Le 5 mars, la Cour suprême, à majorité conservatrice, a créé la surprise en prenant la décision à une voix près d'ordonner à Donald Trump de reprendre les versements à l'USAID, que ce dernier avait gelé depuis le 20 janvier. Un premier revers pour l'hyper président qui pensait la Cour Suprême acquise à sa cause. Christopher Cooper, juge nommé en 2013 par Barack Obama, a par ailleurs demandé au DOGE, seule agence à ne pas transmettre d’informations sur ses activités, à rendre publics ses dossiers.

Toutefois, Nicholas Allen conseille de rester prudent quant au pouvoir de la Cour suprême. Selon lui, « si les choses continuent ainsi dans la trajectoire actuelle, nous ne pouvons compter sur la Cour suprême pour arrêter Trump. Il en reviendra à la société civile, dont les syndicats, de résister de façon importante. »

Le SEIU (Service Employees International Union), qui a formé un front commun  avec le syndicat des travailleurs de l’automobile (UAW) pour s’opposer aux décisions anti-sociales de Trump, a prévu trois modes d'action essentiels. Premièrement, défendre les personnes immigrées, notamment en les informant de leur droit face à l'agence de contrôle de l'immigration américaine (United States Immigration and Customs Enforcement, ICE), gonflée à bloc. Car des vagues massives d'arrestation et de déportation de personnes en situation irrégulière, accusées par le président d’être des « criminels » qui « sucent le sang des Etats-Unis », ont été lancées parfois en dépit de la loi. Si ce dernier avait fait savoir qu'il prévoyait d'enfermer 30.000 étrangers sur la prison militaire de Guantanamo, cette opération a finalement tourné au fiasco : l’installation du campement a été jugé illégal, car impropre à la détention.

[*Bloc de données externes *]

lemma in_all_suffix_items:
  "(k, a) \<in># all_suffix_items M \<longleftrightarrow> (\<exists>T\<in>#M. \<exists>U. suffix U T \<and> k = dol_str U \<and> a = prec_char T U)"
  by (auto simp: all_suffix_items_def in_suffix_items)

lemma size_filter_mset_less:
  assumes "\<And>y. y \<in># A \<Longrightarrow> P y \<Longrightarrow> Q y" "x \<in># A" "Q x" "\<not> P x"
  shows "size (filter_mset P A) < size (filter_mset Q A)"
proof (rule mset_subset_size)
  have "filter_mset P A \<subseteq># filter_mset Q A"
    using assms(1) by (intro filter_mset_mono_strong) auto
  moreover have "x \<in># filter_mset Q A - filter_mset P A"
    using assms(2-4) by (simp add: in_diff_count)
  ultimately show "filter_mset P A \<subset># filter_mset Q A"
    by (metis diff_cancel subset_mset.less_le empty_iff set_mset_empty)
qed

lemma prefix_imp_less_eq: "prefix u v \<Longrightarrow> (u :: 'b::linorder list) \<le> v"
  by (induction u arbitrary: v) (auto simp: prefix_def)

lemma int_b_strict_mono:
  fixes U1 U2 :: "'a::linorder list"
  assumes less: "dol_str U1 < dol_str U2" and "T \<in># M" "suffix U1 T"
  shows "int_b M U1 < int_b M U2"
proof -
  obtain W where W: "T = W @ U1" using assms(3) by (auto simp: suffix_def)
  define R where "R = dol_str U1 @ map Ch W"
  have "R = rotate (length W) (dol_str T)"
    unfolding R_def W dol_str_def by (metis append_assoc length_map map_append rotate_append)
  then have "R \<in> set (rotations (dol_str T))"
    unfolding rotations_def by (auto simp: W dol_str_def intro!: image_eqI[of _ _ "length W"])
  then have "R \<in># all_rots M"
    using assms(2) by (auto simp: all_rots_def)
  moreover have "R < dol_str U2"
    using Ch_sep_less[OF less, of "Dol 0" "Dol 0" "map Ch W" "[]"] by (simp add: R_def dol_str_def)
  moreover have "R' < dol_str U2 \<and> \<not> prefix (dol_str U2) R'"
    if "R' < dol_str U1 \<and> \<not> prefix (dol_str U1) R'" for R'
    using that less by (meson le_less_trans less_trans not_less prefix_imp_less_eq)
  moreover have "\<not> prefix (dol_str U2) R"
    using \<open>R < dol_str U2\<close> prefix_imp_less_eq leD by blast
  moreover have "prefix (dol_str U1) R" by (simp add: R_def)
  ultimately show ?thesis
    unfolding int_b_def by (intro add_strict_left_mono size_filter_mset_less) blast+
qed

lemma two_le_size_mset:
  assumes "x \<in># A" "y \<in># A" "x \<noteq> y"
  shows "2 \<le> size A"
proof -
  obtain A' where A': "A = add_mset x A'" using multi_member_split[OF assms(1)] by blast
  with assms(2,3) have "A' \<noteq> {#}" by auto
  then show ?thesis by (simp add: A' Suc_le_eq nonempty_has_size)
qed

Deuxièmement, il s'agit pour l'organisation syndicale de protéger l'assurance maladie Medicaid, dans le viseur des Républicains qui tentent de couper 880 milliards de dollars d'aide au cours des dix prochaines années. Le SEIU s'engage à se battre dans les rues, au Congrès et au tribunal pour préserver ce programme dont dépendent 70 millions d'Américains.

Troisièmement, il va leur falloir résister aux attaques contre les syndicats qui se multiplient depuis la réélection de Trump. Le président a déjà renvoyé un haut fonctionnaire de l'agence protégeant les droits des syndicats (National Labor Relations Board, NLRB), et a placé des idéologistes de droites dans des postes importants au département responsable du travail.

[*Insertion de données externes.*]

(* In $\mathrm{HMF}(\mathbb{C}^2,\Gamma_W,W)$, for each $1\le i\le p-1$ and $1\le j\le q-1$, the objects $K_{x,i}$ and $K_{y,j}$ are orthogonal to $K_f$ (all graded morphisms in both directions vanish).
   Context: Let $p,q\ge2$ be integers and $W=x^py+xy^q$. Let $L$ be the abelian group generated by $\vec x,\vec y,\vec c$ modulo $p\vec x+\vec y=\vec x+q\vec y=\vec c$; $S=\mathbb{C}[x,y]$ is $L$-graded with $\deg x=\vec x$, $\deg y=\vec y$, and $R=S/(W)$; $M(l)_k=M_{k+l}$. $\mathrm{HMF}(\mathbb{C}^2,\Gamma_W,W)$ is the homotopy category of $L$-graded matrix factorisations of $W$, equivalent to $D^b(\mathrm{gr}R)/\mathrm{Perf}(\mathrm{gr}R)$, in which a finitely generated $L$-graded $R$-module is identified with its stabilisation; $\mathrm{Hom}^n(X,Y)=\mathrm{Hom}(X,Y[n])$. Let $f=x^{p-1}+y^{q-1}$. $K_x=R/(x)$, $K_y=R/(y)$, $K_f=R/(f)$, $K_{x,i}=K_x((i+1-p)\vec x)$, $K_{y,j}=K_y((j+1-q)\vec y)$. *)

theory Defs
  imports "HOL-Computational_Algebra.Polynomial" Complex_Main
begin

text \<open>Bivariate polynomials C[x,y]: polynomials in y whose coefficients are
polynomials in x.  The coefficient of x^a y^b in P is mcoeff P a b.\<close>

type_synonym bpoly = "complex poly poly"

definition mcoeff :: "bpoly \<Rightarrow> nat \<Rightarrow> nat \<Rightarrow> complex" where
  "mcoeff P a b = coeff (coeff P b) a"

definition X :: bpoly where "X = [:[:0, 1:]:]"
definition Y :: bpoly where "Y = [:0, 1:]"

definition Wpot :: "nat \<Rightarrow> nat \<Rightarrow> bpoly" where
  "Wpot p q = X ^ p * Y + X * Y ^ q"

definition fpol :: "nat \<Rightarrow> nat \<Rightarrow> bpoly" where
  "fpol p q = X ^ (p - 1) + Y ^ (q - 1)"

text \<open>The grading group L.  Eliminating c = p x + y, L is Z x + Z y modulo
(p-1) x = (q-1) y.  An element a x + b y is represented by (a,b) :: int \<times> int;
Leq decides equality in L.\<close>

type_synonym deg = "int \<times> int"

definition dadd :: "deg \<Rightarrow> deg \<Rightarrow> deg" where
  "dadd u v = (fst u + fst v, snd u + snd v)"
definition dsub :: "deg \<Rightarrow> deg \<Rightarrow> deg" where
  "dsub u v = (fst u - fst v, snd u - snd v)"

definition Leq :: "nat \<Rightarrow> nat \<Rightarrow> deg \<Rightarrow> deg \<Rightarrow> bool" where
  "Leq p q u v \<longleftrightarrow> (\<exists>k::int. fst u - fst v = k * (int p - 1) \<and> snd u - snd v = - k * (int q - 1))"

definition cdeg :: "nat \<Rightarrow> deg" where "cdeg p = (int p, 1)"

definition homog :: "nat \<Rightarrow> nat \<Rightarrow> bpoly \<Rightarrow> deg \<Rightarrow> bool" where
  "homog p q P d \<longleftrightarrow> (\<forall>a b. mcoeff P a b \<noteq> 0 \<longrightarrow> Leq p q (int a, int b) d)"

text \<open>An L-graded matrix factorisation  F1 --A--> F0 --B--> F1(c)  of W,
with F0, F1 free with homogeneous basis generators of degrees d0, d1.
Entry A i j (i-th basis vector of F0, j-th of F1) has degree d1!j - d0!i,
entry B j i has degree d0!i + c - d1!j.\<close>

record mf =
  d0 :: "deg list"
  d1 :: "deg list"
  mA :: "nat \<Rightarrow> nat \<Rightarrow> bpoly"
  mB :: "nat \<Rightarrow> nat \<Rightarrow> bpoly"

definition is_mf :: "nat \<Rightarrow> nat \<Rightarrow> mf \<Rightarrow> bool" where
  "is_mf p q M \<longleftrightarrow>
    (\<forall>i<length (d0 M). \<forall>j<length (d1 M).
        homog p q (mA M i j) (dsub (d1 M ! j) (d0 M ! i))
      \<and> homog p q (mB M j i) (dsub (dadd (d0 M ! i) (cdeg p)) (d1 M ! j)))
  \<and> (\<forall>i<length (d0 M). \<forall>k<length (d0 M).
        (\<Sum>j<length (d1 M). mA M i j * mB M j k) = (if i = k then Wpot p q else 0))
  \<and> (\<forall>j<length (d1 M). \<forall>l<length (d1 M).
        (\<Sum>i<length (d0 M). mB M j i * mA M i l) = (if j = l then Wpot p q else 0))"

definition is_mor :: "nat \<Rightarrow> nat \<Rightarrow> mf \<Rightarrow> mf \<Rightarrow>
    (nat \<Rightarrow> nat \<Rightarrow> bpoly) \<Rightarrow> (nat \<Rightarrow> nat \<Rightarrow> bpoly) \<Rightarrow> bool" where
  "is_mor p q M N u0 u1 \<longleftrightarrow>
    (\<forall>i<length (d0 N). \<forall>j<length (d0 M). homog p q (u0 i j) (dsub (d0 M ! j) (d0 N ! i)))
  \<and> (\<forall>i<length (d1 N). \<forall>j<length (d1 M). homog p q (u1 i j) (dsub (d1 M ! j) (d1 N ! i)))
  \<and> (\<forall>i<length (d0 N). \<forall>j<length (d1 M).
       (\<Sum>k<length (d0 M). u0 i k * mA M k j) = (\<Sum>k<length (d1 N). mA N i k * u1 k j))
  \<and> (\<forall>i<length (d1 N). \<forall>j<length (d0 M).
       (\<Sum>k<length (d1 M). u1 i k * mB M k j) = (\<Sum>k<length (d0 N). mB N i k * u0 k j))"

definition null_htp :: "nat \<Rightarrow> nat \<Rightarrow> mf \<Rightarrow> mf \<Rightarrow>
    (nat \<Rightarrow> nat \<Rightarrow> bpoly) \<Rightarrow> (nat \<Rightarrow> nat \<Rightarrow> bpoly) \<Rightarrow> bool" where
  "null_htp p q M N u0 u1 \<longleftrightarrow>
    (\<exists>h0 h1.
      (\<forall>i<length (d1 N). \<forall>j<length (d0 M). homog p q (h0 i j) (dsub (d0 M ! j) (d1 N ! i)))
    \<and> (\<forall>i<length (d0 N). \<forall>j<length (d1 M).
         homog p q (h1 i j) (dsub (dsub (d1 M ! j) (cdeg p)) (d0 N ! i)))
    \<and> (\<forall>i<length (d0 N). \<forall>j<length (d0 M).
         u0 i j = (\<Sum>k<length (d1 N). mA N i k * h0 k j) + (\<Sum>k<length (d1 M). h1 i k * mB M k j))
    \<and> (\<forall>i<length (d1 N). \<forall>j<length (d1 M).
         u1 i j = (\<Sum>k<length (d0 M). h0 i k * mA M k j) + (\<Sum>k<length (d0 N). mB N i k * h1 k j)))"

text \<open>Twist M(l): M(l)_k = M_(k+l), so a generator of degree d acquires degree d - l.\<close>
definition twist :: "deg \<Rightarrow> mf \<Rightarrow> mf" where
  "twist l M = M\<lparr>d0 := map (\<lambda>d. dsub d l) (d0 M), d1 := map (\<lambda>d. dsub d l) (d1 M)\<rparr>"

text \<open>Shift [1]:  (F1 --A--> F0 --B--> F1(c))  \<mapsto>  (F0 --(-B)--> F1(c) --(-A)--> F0(c)).\<close>
definition shift1 :: "nat \<Rightarrow> mf \<Rightarrow> mf" where
  "shift1 p M = \<lparr>d0 = map (\<lambda>d. dsub d (cdeg p)) (d1 M), d1 = d0 M,
                 mA = (\<lambda>i j. - mB M i j), mB = (\<lambda>i j. - mA M i j)\<rparr>"

text \<open>Shift [n] for n :: int; since [2] = (c) on the nose, [2k] = (k c) and [2k+1] = [1] o (k c).\<close>
definition shiftn :: "nat \<Rightarrow> int \<Rightarrow> mf \<Rightarrow> mf" where
  "shiftn p n M = (let l = (n div 2 * int p, n div 2) in
      if even n then twist l M else shift1 p (twist l M))"

definition hom_vanish :: "nat \<Rightarrow> nat \<Rightarrow> mf \<Rightarrow> mf \<Rightarrow> bool" where
  "hom_vanish p q M N \<longleftrightarrow>
    (\<forall>n::int. \<forall>u0 u1. is_mor p q M (shiftn p n N) u0 u1 \<longrightarrow> null_htp p q M (shiftn p n N) u0 u1)"

definition orthogonal :: "nat \<Rightarrow> nat \<Rightarrow> mf \<Rightarrow> mf \<Rightarrow> bool" where
  "orthogonal p q M N \<longleftrightarrow> hom_vanish p q M N \<and> hom_vanish p q N M"

text \<open>Stabilisations (matrix factorisations) of R/(x), R/(y), R/(f):
 R/(g) = coker (S(-deg g) --g--> S) with W = g * (W/g).\<close>
definition Kx :: "nat \<Rightarrow> nat \<Rightarrow> mf" where
  "Kx p q = \<lparr>d0 = [(0,0)], d1 = [(1,0)], mA = (\<lambda>_ _. X), mB = (\<lambda>_ _. Y * fpol p q)\<rparr>"
definition Ky :: "nat \<Rightarrow> nat \<Rightarrow> mf" where
  "Ky p q = \<lparr>d0 = [(0,0)], d1 = [(0,1)], mA = (\<lambda>_ _. Y), mB = (\<lambda>_ _. X * fpol p q)\<rparr>"
definition Kf :: "nat \<Rightarrow> nat \<Rightarrow> mf" where
  "Kf p q = \<lparr>d0 = [(0,0)], d1 = [(int p - 1, 0)], mA = (\<lambda>_ _. fpol p q), mB = (\<lambda>_ _. X * Y)\<rparr>"

definition Kxi :: "nat \<Rightarrow> nat \<Rightarrow> nat \<Rightarrow> mf" where
  "Kxi p q i = twist (int i + 1 - int p, 0) (Kx p q)"
definition Kyj :: "nat \<Rightarrow> nat \<Rightarrow> nat \<Rightarrow> mf" where
  "Kyj p q j = twist (0, int j + 1 - int q) (Ky p q)"

end

theory Submission
  imports Defs
begin

text \<open>All objects involved are matrix factorisations of rank one, and since [2] is the twist by c
  only the twists by multiples of c and their shifts [1] have to be considered. A morphism is then
  a pair (u0, u1) of homogeneous polynomials, and it is null-homotopic as soon as
  u1 = h A_M + B_N h' with h, h' homogeneous of the right degrees: the equation for u0 follows by
  cancelling A_M, because A_N B_N = W = B_M A_M.

  For the even shifts the morphism equation u0 A_M = A_N u1 pairs x (or y) with f, and these are
  coprime, so u1 is a multiple of A_M. For the odd shifts it suffices that u1 lies in the ideal
  (x, f) (resp. (y, f)). Modulo x this ideal contains every y^b with b \<ge> q - 1, since
  y^(q - 1) = f - x^(p - 1), and the remaining monomials y^b with b < q - 1 cannot occur in u1 for
  degree reasons, which is detected by the residue of a - p b modulo p q - 1.\<close>

lemma mcoeff_eq_iff: "P = Q \<longleftrightarrow> (\<forall>a b. mcoeff P a b = mcoeff Q a b)"
  by (auto simp: mcoeff_def poly_eq_iff)

lemma mcoeff_add [simp]: "mcoeff (P + Q) a b = mcoeff P a b + mcoeff Q a b"
  by (simp add: mcoeff_def)

lemma mcoeff_uminus [simp]: "mcoeff (- P) a b = - mcoeff P a b"
  by (simp add: mcoeff_def)

lemma mcoeff_0 [simp]: "mcoeff 0 a b = 0"
  by (simp add: mcoeff_def)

Pour Nicholas Allen, il reste des motifs d'espérer car rappelle-t-il, Trump semble oublier que ses citoyens sont attachés à leur démocratie : « Les actions de Trump auront de réelles conséquences qui toucheront les gens – à un moment, cette souffrance se transformera en mobilisation. » Certaines décisions prises par décrets présidentiels ont déjà été invalidées par les juges fédéraux et d'autres pourraient suivre, notamment si elles sont inconstitutionnelles. Le 13 mars, des juges de Californie et du Maryland ont ordonné sur demande des syndicats de réintégrer des milliers de fonctionnaires limogés dans 19 agences pendant leur période d'essai.

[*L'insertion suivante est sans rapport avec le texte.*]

lemma mu_geometric_decay:
  assumes sa: "standing_assms n m Q A" and opt: "optimal_pd n m Q q A xs ls ss"
    and \<zeta>: "\<zeta> > 0" and opt_norm: "sqrt ((\<Sum>i\<le>n. (xs i)\<^sup>2) + (\<Sum>i\<le>n. (ss i)\<^sup>2)) \<le> \<zeta>"
    and x0: "x 0 = (\<lambda>i. \<zeta>)" and l0: "l 0 = (\<lambda>j. 0)" and s0: "s 0 = (\<lambda>i. \<zeta>)"
    and \<gamma>: "0 < \<gamma>" "\<gamma> < 1" and \<beta>: "\<beta> \<ge> 1" and \<sigma>: "0 < \<sigma>min" "\<sigma>max \<le> 1/2"
  shows "mu n (x k) (s k) \<le> (1 - rate_constant \<beta> \<gamma> \<sigma>min / (real (n + 1))\<^sup>2) ^ k * \<zeta>\<^sup>2"
proof -
  define g where "g = guaranteed_step n \<beta> \<gamma> \<sigma>min"
  have xs_le: "\<forall>i\<le>n. xs i \<le> \<zeta>" and ss_le: "\<forall>i\<le>n. ss i \<le> \<zeta>"
    using components_le_of_norm_le[OF opt_norm] by auto
  have \<mu>0: "mu n (x 0) (s 0) = \<zeta>\<^sup>2" unfolding x0 s0 mu_def by (simp add: power2_eq_square)
  have "in_nbhd n m Q q A \<gamma> \<beta> (x 0) (l 0) (s 0) (x 0) (l 0) (s 0)"
    using in_nbhd_start[OF \<zeta>] \<gamma> \<beta> unfolding x0 l0 s0 by simp
  then have nbhd: "in_nbhd n m Q q A \<gamma> \<beta> (x 0) (l 0) (s 0) (x k) (l k) (s k)" for k
    by (rule in_nbhd_iterate)
  have decrease: "mu n (x (Suc k)) (s (Suc k)) \<le> (1 - 0.01 * g) * mu n (x k) (s k) \<and> g \<le> 1" for k
  proof -
    obtain \<nu> where \<nu>: "0 \<le> \<nu>" "\<nu> \<le> 1"
      "\<forall>i\<le>n. rd n m Q q A (x k) (l k) (s k) i = \<nu> * rd n m Q q A (\<lambda>i. \<zeta>) (\<lambda>j. 0) (\<lambda>i. \<zeta>) i"
      "\<forall>j<m. rp n A (x k) j = \<nu> * rp n A (\<lambda>i. \<zeta>) j" "\<nu> * \<zeta>\<^sup>2 \<le> \<beta> * mu n (x k) (s k)"
      using infeasibility_factor[OF nbhd \<beta>] \<mu>0 \<zeta> unfolding x0 l0 s0 by auto
    have "\<sigma>min \<le> \<sigma> k" "\<sigma> k \<le> 1/2" using centering_bounds[of k] \<sigma> by auto
    then have "g \<le> \<alpha> k" unfolding g_def
      by (intro step_maximal step_ok_guaranteed_step[OF sa opt xs_le ss_le \<gamma> \<beta> \<sigma>(1) _ _ nbhd \<nu>
            newton])
    moreover have "0 < mu n (x k) (s k)" using nbhd[of k] mu_pos unfolding in_nbhd_def by blast
    ultimately have "(1 - 0.01 * \<alpha> k) * mu n (x k) (s k) \<le> (1 - 0.01 * g) * mu n (x k) (s k)"
      by (intro mult_right_mono) auto
    with mu_Suc_le[of k] \<open>g \<le> \<alpha> k\<close> step_length_bounds[of k] show ?thesis by simp
  qed
  have "mu n (x k) (s k) \<le> (1 - 0.01 * g) ^ k * \<zeta>\<^sup>2"
  proof (induction k)
    case 0
    then show ?case using \<mu>0 by simp
  next
    case (Suc k)
    have "0 \<le> 1 - 0.01 * g" using decrease[of 0] by auto
    with Suc have "(1 - 0.01 * g) * mu n (x k) (s k) \<le> (1 - 0.01 * g) * ((1 - 0.01 * g) ^ k * \<zeta>\<^sup>2)"
      by (rule mult_left_mono)
    with decrease[of k] have "mu n (x (Suc k)) (s (Suc k)) \<le> (1 - 0.01 * g) * ((1 - 0.01 * g) ^ k * \<zeta>\<^sup>2)"
      by linarith
    then show ?case by (simp add: mult.assoc)
  qed
  then show ?thesis unfolding g_def guaranteed_step_rate .
qed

Les juges, qui sont régulièrement vilipendés par le nouveau locataire de la Maison blanche, ont qualifiés « d'activistes partisans qui tentent d'usurper la volonté du président » par sa porte-parole. Un bras de fer entre le pouvoir judiciaire et un pouvoir exécutif en pleine dérive illibérale qui aura valeur de test pour la démocratie américaine.